Est-ce que vous diriez globalement que la France est un pays généreux, avec beaucoup de solidarité, et peut-être même avec un modèle de la solidarité en France, vous avez parlé du fort tissu associatif, il y a aussi toutes les incitations fiscales. Est-ce que c'est un modèle français ? 

Pour les incitations fiscales, on avait perdu des déducations fiscales avec la suppression de l'ISF. Donc, il y a eu des dons qui ont diminué, même si effectivement, on a droit chacun à 1.000 euros de déduction, il faut le rappeler, parce que plein de gens ne le savent pas, c'est un des éléments d'appât, car pour moitié c'est l'Etat qui donne en réalité.

Qui donne ? 62%, c'est des gens qui ont des pratiques religieuses, c'est plutôt des diplômés, plutôt des gens de plus de 50 ans, et c'est plutôt des femmes. Et je dirais c'est la solidarité traditionnelle qu'on a un peu dans les images, les films, l'Église, etc. La charité, ça reste vrai un peu. Ça reste quand même lié à la question religieuse. Et puis, c'est un peu surreprésenté dans les milieux diplômés. On dit souvent : les pauvres donnent plus que les riches...C'est compliqué, ce n'est pas totalement évident.

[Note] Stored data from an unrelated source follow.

lemma g_o1_bounds: "g_o1 t \<le> 0" "- g_o1 t \<le> 9 / (pi * sqrt 24) * rising_ratio (3/2) t / 24 ^ t"
proof -
  consider "t = 0" | "t = 1" | "2 \<le> t"
    by linarith
  then have "g_o1 t \<le> 0 \<and> - g_o1 t \<le> 9 / (pi * sqrt 24) * rising_ratio (3/2) t / 24 ^ t"
  proof cases
    case 1
    then show ?thesis
      by (simp add: g_o1_def divide_right_mono)
  next
    case 2
    define x where "x = (432 + pi\<^sup>2) / (2304 * sqrt 6 * pi)"
    have "x \<le> 648 / (2304 * sqrt 6 * pi)"
      unfolding x_def using pi_squared_le_16 by (intro divide_right_mono) auto
    moreover have "sqrt 24 = 2 * sqrt (6::real)"
      using real_sqrt_mult[of 4 6] by simp
    then have "9 / (pi * sqrt 24) * rising_ratio (3/2) t / 24 ^ t = 648 / (2304 * sqrt 6 * pi)"
      unfolding 2 by (simp add: rising_ratio_def field_simps)
    moreover have "g_o1 t = - x" "0 \<le> x"
      unfolding x_def using 2 by (simp_all add: g_o1_def minus_divide_left)
    ultimately show ?thesis
      by linarith
  next
    case 3
    define w where "w = rising_ratio (3/2) t + (-1) ^ t * S3 t"
    define c where "c = 6 / (pi * sqrt 24) / 24 ^ t"
    have w: "0 \<le> w" "w \<le> 3/2 * rising_ratio (3/2) t"
      unfolding w_def using S3_bounds[of t] rising_ratio_pos[of "3/2" t] by simp_all
    have c: "0 \<le> c"
      unfolding c_def by simp
    have "- g_o1 t = c * w"
      using g_o1_eq[OF 3] unfolding w_def c_def by simp
    moreover have "0 \<le> c * w"
      using c w by simp
    moreover have "c * w \<le> c * (3/2 * rising_ratio (3/2) t)"
      using w(2) c by (rule mult_left_mono)
    moreover have "c * (3/2 * rising_ratio (3/2) t) = 9 / (pi * sqrt 24) * rising_ratio (3/2) t / 24 ^ t"
      unfolding c_def by simp
    ultimately show ?thesis
      by linarith
  qed
  then show "g_o1 t \<le> 0" "- g_o1 t \<le> 9 / (pi * sqrt 24) * rising_ratio (3/2) t / 24 ^ t"
    by auto
qed

lemma g_o1_tail_bounds:
  fixes n k :: nat
  assumes "1 \<le> n"
  defines "f \<equiv> \<lambda>i. g_o1 (i + k) / (real n ^ (i + k) * sqrt n)"
  shows "summable f"
    and "- (48 / (5 * pi * sqrt 24)) * rising_ratio (3/2) k / (24 ^ k * (real n ^ k * sqrt n))
          \<le> suminf f"
    and "suminf f \<le> 0"
proof -
  define C where "C = 9 / (pi * sqrt 24)"
  define D where "D = real n ^ k * sqrt n"
  define M where "M = C * rising_ratio (3/2) k / 24 ^ k / D"
  have D: "0 < D"
    unfolding D_def using assms(1) by simp
  have D_le: "D \<le> real n ^ (i + k) * sqrt n" for i
    unfolding D_def using assms(1) by (simp add: power_increasing mult_right_mono)
  have nonpos: "f i \<le> 0" for i
    unfolding f_def using g_o1_bounds(1)[of "i + k"] assms by (simp add: divide_nonpos_pos)
  have "- f i \<le> M * (1/16) ^ i" for i
  proof -
    have g: "0 \<le> - g_o1 (i + k)" "- g_o1 (i + k) \<le> C * rising_ratio (3/2) (k + i) / 24 ^ (i + k)"
      using g_o1_bounds[of "i + k"] unfolding C_def by (simp_all add: add.commute)
    have "- f i = - g_o1 (i + k) / (real n ^ (i + k) * sqrt n)"
      unfolding f_def by simp
    also have "\<dots> \<le> - g_o1 (i + k) / D"
      using g D D_le[of i] by (intro divide_left_mono) auto
    also have "\<dots> \<le> C * rising_ratio (3/2) (k + i) / 24 ^ (i + k) / D"
      using g D by (intro divide_right_mono) auto
    also have "\<dots> \<le> C * (rising_ratio (3/2) k * (3/2) ^ i) / 24 ^ (i + k) / D"
      using D rising_ratio_le_geometric[of "3/2" k i]
      by (intro divide_right_mono mult_left_mono) (simp_all add: C_def)
    also have "\<dots> = M * ((3/2) ^ i / 24 ^ i)"
      unfolding M_def by (simp add: power_add mult_ac)
    also have "(3/2) ^ i / 24 ^ i = (1/16 :: real) ^ i"
      by (simp flip: power_divide)
    finally show ?thesis .
  qed
  from suminf_bounds_geometric_majorant[OF nonpos this]
  show "summable f" "suminf f \<le> 0"
    and "- (48 / (5 * pi * sqrt 24)) * rising_ratio (3/2) k / (24 ^ k * (real n ^ k * sqrt n))
          \<le> suminf f"
    unfolding M_def C_def D_def by (simp_all add: field_simps)
qed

Les Français qui se déclarent plus enclins à donner dans le contexte de cette crise sanitaire, vous nous avez dit beaucoup que ça avait rapproché les Français. Ça nous fait prendre conscience du sort des gens qui vivent à côté de nous. Ça vous semble assez logique ? 

Oui, mais ça, c'est vrai. En plus, on a tous senti qu'il y avait besoin de le faire. En plus, il y a des dons qu'on ne voit pas, c'est le don de temps pour ses anciens, le don de temps pour un enfant handicapé, ça aussi, c'est un immense don intrafamilial, il ne faut pas l'oublier. En 2020, on a donné 22% de plus. Donc, c'est clair qu'il y a eu un "effet don", comme il y avait l'effet des gens qui applaudissaient sur les balcons, etc.

Après, il faut voir l'évolution des sujets : d'abord on a donné historiquement pour la protection de l'enfance, et puis pour la pauvreté, et encore aujourd'hui, le premier sujet, c'est la protection de l'enfance, après c'est la pauvreté. Et puis après, petit à petit, il y a la protection des animaux et puis après la protection de l'environnement.

C'est des sujets qui évoluent, et ce qui est surprenant, c'est que les jeunes donnent plus volontiers pour des causes urgentes, ils sont sensibilisés à un événement, à une collecte ponctuelle. Et ils sont plus sensibilisés à la protection des animaux que leurs aînés. Il y a aussi ces évolutions par génération, qui sont des éléments intéressants pour un sociologue, d'essayer de regarder ce qui, au fond, fait solidarité pour la société.